> **Exercise brief**:
Write each entry out once more, please, precisely as shown.

━━━━━ Records supplied ━━━━━

text \<open>Adjoining any \<open>U \<notin> M\<close> to a maximal ideal avoiding \<open>W\<close> captures \<open>W\<close>; two such
  captures combine to one for \<open>U \<inter> V\<close>.\<close>

lemma maximal_ideal_avoiding_prime:
  assumes W: "W \<in> \<Omega>" and M: "M \<in> ideals \<Omega>" "W \<notin> M"
    and max: "\<And>X. X \<in> ideals \<Omega> \<Longrightarrow> M \<subseteq> X \<Longrightarrow> W \<notin> X \<Longrightarrow> X = M"
    and UV: "U \<in> \<Omega>" "V \<in> \<Omega>" "U \<inter> V \<in> M"
  shows "U \<in> M \<or> V \<in> M"
proof -
  have capture: "\<exists>m\<in>M. W \<subseteq> m \<union> U" if U: "U \<in> \<Omega>" "U \<notin> M" for U
  proof (rule ccontr)
    assume no_capture: "\<not> (\<exists>m\<in>M. W \<subseteq> m \<union> U)"
    define MU where "MU = {X\<in>\<Omega>. \<exists>m\<in>M. X \<subseteq> m \<union> U}"
    have "M \<subseteq> MU" unfolding MU_def using idealsD(2)[OF M(1)] by blast
    moreover have "W \<notin> MU" unfolding MU_def using no_capture by blast
    moreover have "MU \<in> ideals \<Omega>" using ideal_extend[OF M(1) U(1)] unfolding MU_def .
    ultimately have "MU = M" using max by blast
    moreover have "U \<in> MU" unfolding MU_def using U ideal_empty_mem[OF M(1)] by blast
    ultimately show False using U by blast
  qed
  show ?thesis
  proof (rule ccontr)
    assume "\<not> (U \<in> M \<or> V \<in> M)"
    then obtain m1 m2 where m: "m1 \<in> M" "W \<subseteq> m1 \<union> U" "m2 \<in> M" "W \<subseteq> m2 \<union> V"
      using capture UV by meson
    obtain m where "m \<in> M" "m1 \<subseteq> m" "m2 \<subseteq> m" using idealsD(4)[OF M(1) m(1,3)] by blast
    with m have "W \<subseteq> m \<union> (U \<inter> V)" by blast
    moreover have "m \<union> (U \<inter> V) \<in> M" using ideal_Un_mem[OF M(1) \<open>m \<in> M\<close> UV(3)] .
    ultimately show False using idealsD(3)[OF M(1)] W M(2) by blast
  qed
qed

lemma Xhat_prime_ideal_complement:
  assumes M: "M \<in> ideals \<Omega>" "M \<noteq> \<Omega>"
    and prime: "\<And>U V. U \<in> \<Omega> \<Longrightarrow> V \<in> \<Omega> \<Longrightarrow> U \<inter> V \<in> M \<Longrightarrow> U \<in> M \<or> V \<in> M"
  shows "{I \<in> ideals \<Omega>. \<not> I \<subseteq> M} \<in> Xhat \<Omega>"
proof (rule XhatI)
  let ?z = "{I \<in> ideals \<Omega>. \<not> I \<subseteq> M}"
  show "?z \<subseteq> ideals \<Omega>" by blast
  have "\<not> \<Omega> \<subseteq> M" using M idealsD(2)[OF M(1)] by blast
  then show "?z \<noteq> {}" using Omega_ideal by blast
  show "J \<in> ?z" if "I \<in> ?z" "J \<in> ideals \<Omega>" "I \<subseteq> J" for I J
    using that by blast
  show "m \<in> ?z" if I: "I \<in> ?z" and J: "J \<in> ?z" and m: "is_glb (ideals \<Omega>) (\<subseteq>) {I, J} m" for I J m
  proof -
    obtain U1 U2 where U: "U1 \<in> I" "U1 \<notin> M" "U2 \<in> J" "U2 \<notin> M" using I J by blast
    have "U1 \<in> \<Omega>" "U2 \<in> \<Omega>" using U I J idealsD(2) by blast+
    then have "U1 \<inter> U2 \<in> I \<inter> J" "U1 \<inter> U2 \<notin> M"
      using U I J idealsD(3)[of I \<Omega>] idealsD(3)[of J \<Omega>] Int_mem prime by blast+
    then show ?thesis using is_glb_ideals_eq[OF _ _ m] Int_ideal I J by blast
  qed
  fix A s assume A: "A \<subseteq> ideals \<Omega>" and s: "is_lub (ideals \<Omega>) (\<subseteq>) A s" "s \<in> ?z"
  obtain V where "V \<in> s" "V \<notin> M" using s(2) by blast
  then obtain F where F: "finite F" "F \<subseteq> \<Union>A" "V \<subseteq> \<Union>F" "V \<in> \<Omega>"
    using is_lub_ideals_eq[OF A s(1)] unfolding ideal_join_def by blast
  have "\<not> F \<subseteq> M"
  proof
    assume "F \<subseteq> M"
    then have "\<Union>F \<in> M" using ideal_Union_finite_mem[OF F(1) M(1)] by blast
    then show False using idealsD(3)[OF M(1)] F \<open>V \<notin> M\<close> by blast
  qed
  then obtain X I where "X \<in> F" "X \<notin> M" "I \<in> A" "X \<in> I" using F(2) by blast
  then show "\<exists>I\<in>A. I \<in> ?z" using A by blast
qed

lemma Oset_downset_subset_iff:
  assumes W: "W \<in> \<Omega>" and K: "K \<in> ideals \<Omega>"
  shows "Oset \<Omega> (downset \<Omega> W) \<subseteq> Oset \<Omega> K \<longleftrightarrow> W \<in> K"
proof
  assume sub: "Oset \<Omega> (downset \<Omega> W) \<subseteq> Oset \<Omega> K"
  show "W \<in> K"
  proof (rule ccontr)
    assume "W \<notin> K"
    obtain M where M: "M \<in> ideals \<Omega>" "K \<subseteq> M" "W \<notin> M"
      and max: "\<And>X. X \<in> ideals \<Omega> \<Longrightarrow> M \<subseteq> X \<Longrightarrow> W \<notin> X \<Longrightarrow> X = M"
      using maximal_ideal_avoiding[OF K \<open>W \<notin> K\<close>] by blast
    have prime: "U \<in> M \<or> V \<in> M" if "U \<in> \<Omega>" "V \<in> \<Omega>" "U \<inter> V \<in> M" for U V
      using maximal_ideal_avoiding_prime[OF W M(1,3) max that] .
    define z where "z = {I \<in> ideals \<Omega>. \<not> I \<subseteq> M}"
    have "M \<noteq> \<Omega>" using W M by blast
    then have "z \<in> Xhat \<Omega>" unfolding z_def using Xhat_prime_ideal_complement[OF M(1) _ prime] by blast
    moreover have "W \<in> downset \<Omega> W" using W unfolding downset_def by blast
    then have "downset \<Omega> W \<in> z" using downset_ideal[OF W] M unfolding z_def by blast
    ultimately have "z \<in> Oset \<Omega> K" using sub unfolding Oset_def by blast
    then show False using M unfolding z_def Oset_def by blast
  qed
next
  assume "W \<in> K"
  then show "Oset \<Omega> (downset \<Omega> W) \<subseteq> Oset \<Omega> K"
    using Oset_mono[OF _ downset_subset_ideal[OF K] K] by blast
qed

lemma Oset_open_ideal:
  assumes "Xhat_open \<Omega> S"
  shows "open_ideal \<Omega> S \<in> ideals \<Omega>" "Oset \<Omega> (open_ideal \<Omega> S) = S"
proof -
  obtain I where I: "I \<in> ideals \<Omega>" "S = Oset \<Omega> I" using assms unfolding Xhat_open_def by blast
  have "open_ideal \<Omega> S = I"
    unfolding open_ideal_def I(2) using Oset_downset_subset_iff[OF _ I(1)] idealsD(2)[OF I(1)] by blast
  then show "open_ideal \<Omega> S \<in> ideals \<Omega>" "Oset \<Omega> (open_ideal \<Omega> S) = S" using I by simp_all
qed

lemma open_ideal_mono: "S \<subseteq> T \<Longrightarrow> open_ideal \<Omega> S \<subseteq> open_ideal \<Omega> T"
  unfolding open_ideal_def by blast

━━━━━

> **Task solution**:
text \<open>Adjoining any \<open>U \<notin> M\<close> to a maximal ideal avoiding \<open>W\<close> captures \<open>W\<close>; two such
  captures combine to one for \<open>U \<inter> V\<close>.\<close>

lemma maximal_ideal_avoiding_prime:
  assumes W: "W \<in> \<Omega>" and M: "M \<in> ideals \<Omega>" "W \<notin> M"
    and max: "\<And>X. X \<in> ideals \<Omega> \<Longrightarrow> M \<subseteq> X \<Longrightarrow> W \<notin> X \<Longrightarrow> X = M"
    and UV: "U \<in> \<Omega>" "V \<in> \<Omega>" "U \<inter> V \<in> M"
  shows "U \<in> M \<or> V \<in> M"
proof -
  have capture: "\<exists>m\<in>M. W \<subseteq> m \<union> U" if U: "U \<in> \<Omega>" "U \<notin> M" for U
  proof (rule ccontr)
    assume no_capture: "\<not> (\<exists>m\<in>M. W \<subseteq> m \<union> U)"
    define MU where "MU = {X\<in>\<Omega>. \<exists>m\<in>M. X \<subseteq> m \<union> U}"
    have "M \<subseteq> MU" unfolding MU_def using idealsD(2)[OF M(1)] by blast
    moreover have "W \<notin> MU" unfolding MU_def using no_capture by blast
    moreover have "MU \<in> ideals \<Omega>" using ideal_extend[OF M(1) U(1)] unfolding MU_def .
    ultimately have "MU = M" using max by blast
    moreover have "U \<in> MU" unfolding MU_def using U ideal_empty_mem[OF M(1)] by blast
    ultimately show False using U by blast
  qed
  show ?thesis
  proof (rule ccontr)
    assume "\<not> (U \<in> M \<or> V \<in> M)"
    then obtain m1 m2 where m: "m1 \<in> M" "W \<subseteq> m1 \<union> U" "m2 \<in> M" "W \<subseteq> m2 \<union> V"
      using capture UV by meson
    obtain m where "m \<in> M" "m1 \<subseteq> m" "m2 \<subseteq> m" using idealsD(4)[OF M(1) m(1,3)] by blast
    with m have "W \<subseteq> m \<union> (U \<inter> V)" by blast
    moreover have "m \<union> (U \<inter> V) \<in> M" using ideal_Un_mem[OF M(1) \<open>m \<in> M\<close> UV(3)] .
    ultimately show False using idealsD(3)[OF M(1)] W M(2) by blast
  qed
qed

lemma Xhat_prime_ideal_complement:
  assumes M: "M \<in> ideals \<Omega>" "M \<noteq> \<Omega>"
    and prime: "\<And>U V. U \<in> \<Omega> \<Longrightarrow> V \<in> \<Omega> \<Longrightarrow> U \<inter> V \<in> M \<Longrightarrow> U \<in> M \<or> V \<in> M"
  shows "{I \<in> ideals \<Omega>. \<not> I \<subseteq> M} \<in> Xhat \<Omega>"
proof (rule XhatI)
  let ?z = "{I \<in> ideals \<Omega>. \<not> I \<subseteq> M}"
  show "?z \<subseteq> ideals \<Omega>" by blast
  have "\<not> \<Omega> \<subseteq> M" using M idealsD(2)[OF M(1)] by blast
  then show "?z \<noteq> {}" using Omega_ideal by blast
  show "J \<in> ?z" if "I \<in> ?z" "J \<in> ideals \<Omega>" "I \<subseteq> J" for I J
    using that by blast
  show "m \<in> ?z" if I: "I \<in> ?z" and J: "J \<in> ?z" and m: "is_glb (ideals \<Omega>) (\<subseteq>) {I, J} m" for I J m
  proof -
    obtain U1 U2 where U: "U1 \<in> I" "U1 \<notin> M" "U2 \<in> J" "U2 \<notin> M" using I J by blast
    have "U1 \<in> \<Omega>" "U2 \<in> \<Omega>" using U I J idealsD(2) by blast+
    then have "U1 \<inter> U2 \<in> I \<inter> J" "U1 \<inter> U2 \<notin> M"
      using U I J idealsD(3)[of I \<Omega>] idealsD(3)[of J \<Omega>] Int_mem prime by blast+
    then show ?thesis using is_glb_ideals_eq[OF _ _ m] Int_ideal I J by blast
  qed
  fix A s assume A: "A \<subseteq> ideals \<Omega>" and s: "is_lub (ideals \<Omega>) (\<subseteq>) A s" "s \<in> ?z"
  obtain V where "V \<in> s" "V \<notin> M" using s(2) by blast
  then obtain F where F: "finite F" "F \<subseteq> \<Union>A" "V \<subseteq> \<Union>F" "V \<in> \<Omega>"
    using is_lub_ideals_eq[OF A s(1)] unfolding ideal_join_def by blast
  have "\<not> F \<subseteq> M"
  proof
    assume "F \<subseteq> M"
    then have "\<Union>F \<in> M" using ideal_Union_finite_mem[OF F(1) M(1)] by blast
    then show False using idealsD(3)[OF M(1)] F \<open>V \<notin> M\<close> by blast
  qed
  then obtain X I where "X \<in> F" "X \<notin> M" "I \<in> A" "X \<in> I" using F(2) by blast
  then show "\<exists>I\<in>A. I \<in> ?z" using A by blast
qed

lemma Oset_downset_subset_iff:
  assumes W: "W \<in> \<Omega>" and K: "K \<in> ideals \<Omega>"
  shows "Oset \<Omega> (downset \<Omega> W) \<subseteq> Oset \<Omega> K \<longleftrightarrow> W \<in> K"
proof
  assume sub: "Oset \<Omega> (downset \<Omega> W) \<subseteq> Oset \<Omega> K"
  show "W \<in> K"
  proof (rule ccontr)
    assume "W \<notin> K"
    obtain M where M: "M \<in> ideals \<Omega>" "K \<subseteq> M" "W \<notin> M"
      and max: "\<And>X. X \<in> ideals \<Omega> \<Longrightarrow> M \<subseteq> X \<Longrightarrow> W \<notin> X \<Longrightarrow> X = M"
      using maximal_ideal_avoiding[OF K \<open>W \<notin> K\<close>] by blast
    have prime: "U \<in> M \<or> V \<in> M" if "U \<in> \<Omega>" "V \<in> \<Omega>" "U \<inter> V \<in> M" for U V
      using maximal_ideal_avoiding_prime[OF W M(1,3) max that] .
    define z where "z = {I \<in> ideals \<Omega>. \<not> I \<subseteq> M}"
    have "M \<noteq> \<Omega>" using W M by blast
    then have "z \<in> Xhat \<Omega>" unfolding z_def using Xhat_prime_ideal_complement[OF M(1) _ prime] by blast
    moreover have "W \<in> downset \<Omega> W" using W unfolding downset_def by blast
    then have "downset \<Omega> W \<in> z" using downset_ideal[OF W] M unfolding z_def by blast
    ultimately have "z \<in> Oset \<Omega> K" using sub unfolding Oset_def by blast
    then show False using M unfolding z_def Oset_def by blast
  qed
next
  assume "W \<in> K"
  then show "Oset \<Omega> (downset \<Omega> W) \<subseteq> Oset \<Omega> K"
    using Oset_mono[OF _ downset_subset_ideal[OF K] K] by blast
qed

lemma Oset_open_ideal:
  assumes "Xhat_open \<Omega> S"
  shows "open_ideal \<Omega> S \<in> ideals \<Omega>" "Oset \<Omega> (open_ideal \<Omega> S) = S"
proof -
  obtain I where I: "I \<in> ideals \<Omega>" "S = Oset \<Omega> I" using assms unfolding Xhat_open_def by blast
  have "open_ideal \<Omega> S = I"
    unfolding open_ideal_def I(2) using Oset_downset_subset_iff[OF _ I(1)] idealsD(2)[OF I(1)] by blast
  then show "open_ideal \<Omega> S \<in> ideals \<Omega>" "Oset \<Omega> (open_ideal \<Omega> S) = S" using I by simp_all
qed

lemma open_ideal_mono: "S \<subseteq> T \<Longrightarrow> open_ideal \<Omega> S \<subseteq> open_ideal \<Omega> T"
  unfolding open_ideal_def by blast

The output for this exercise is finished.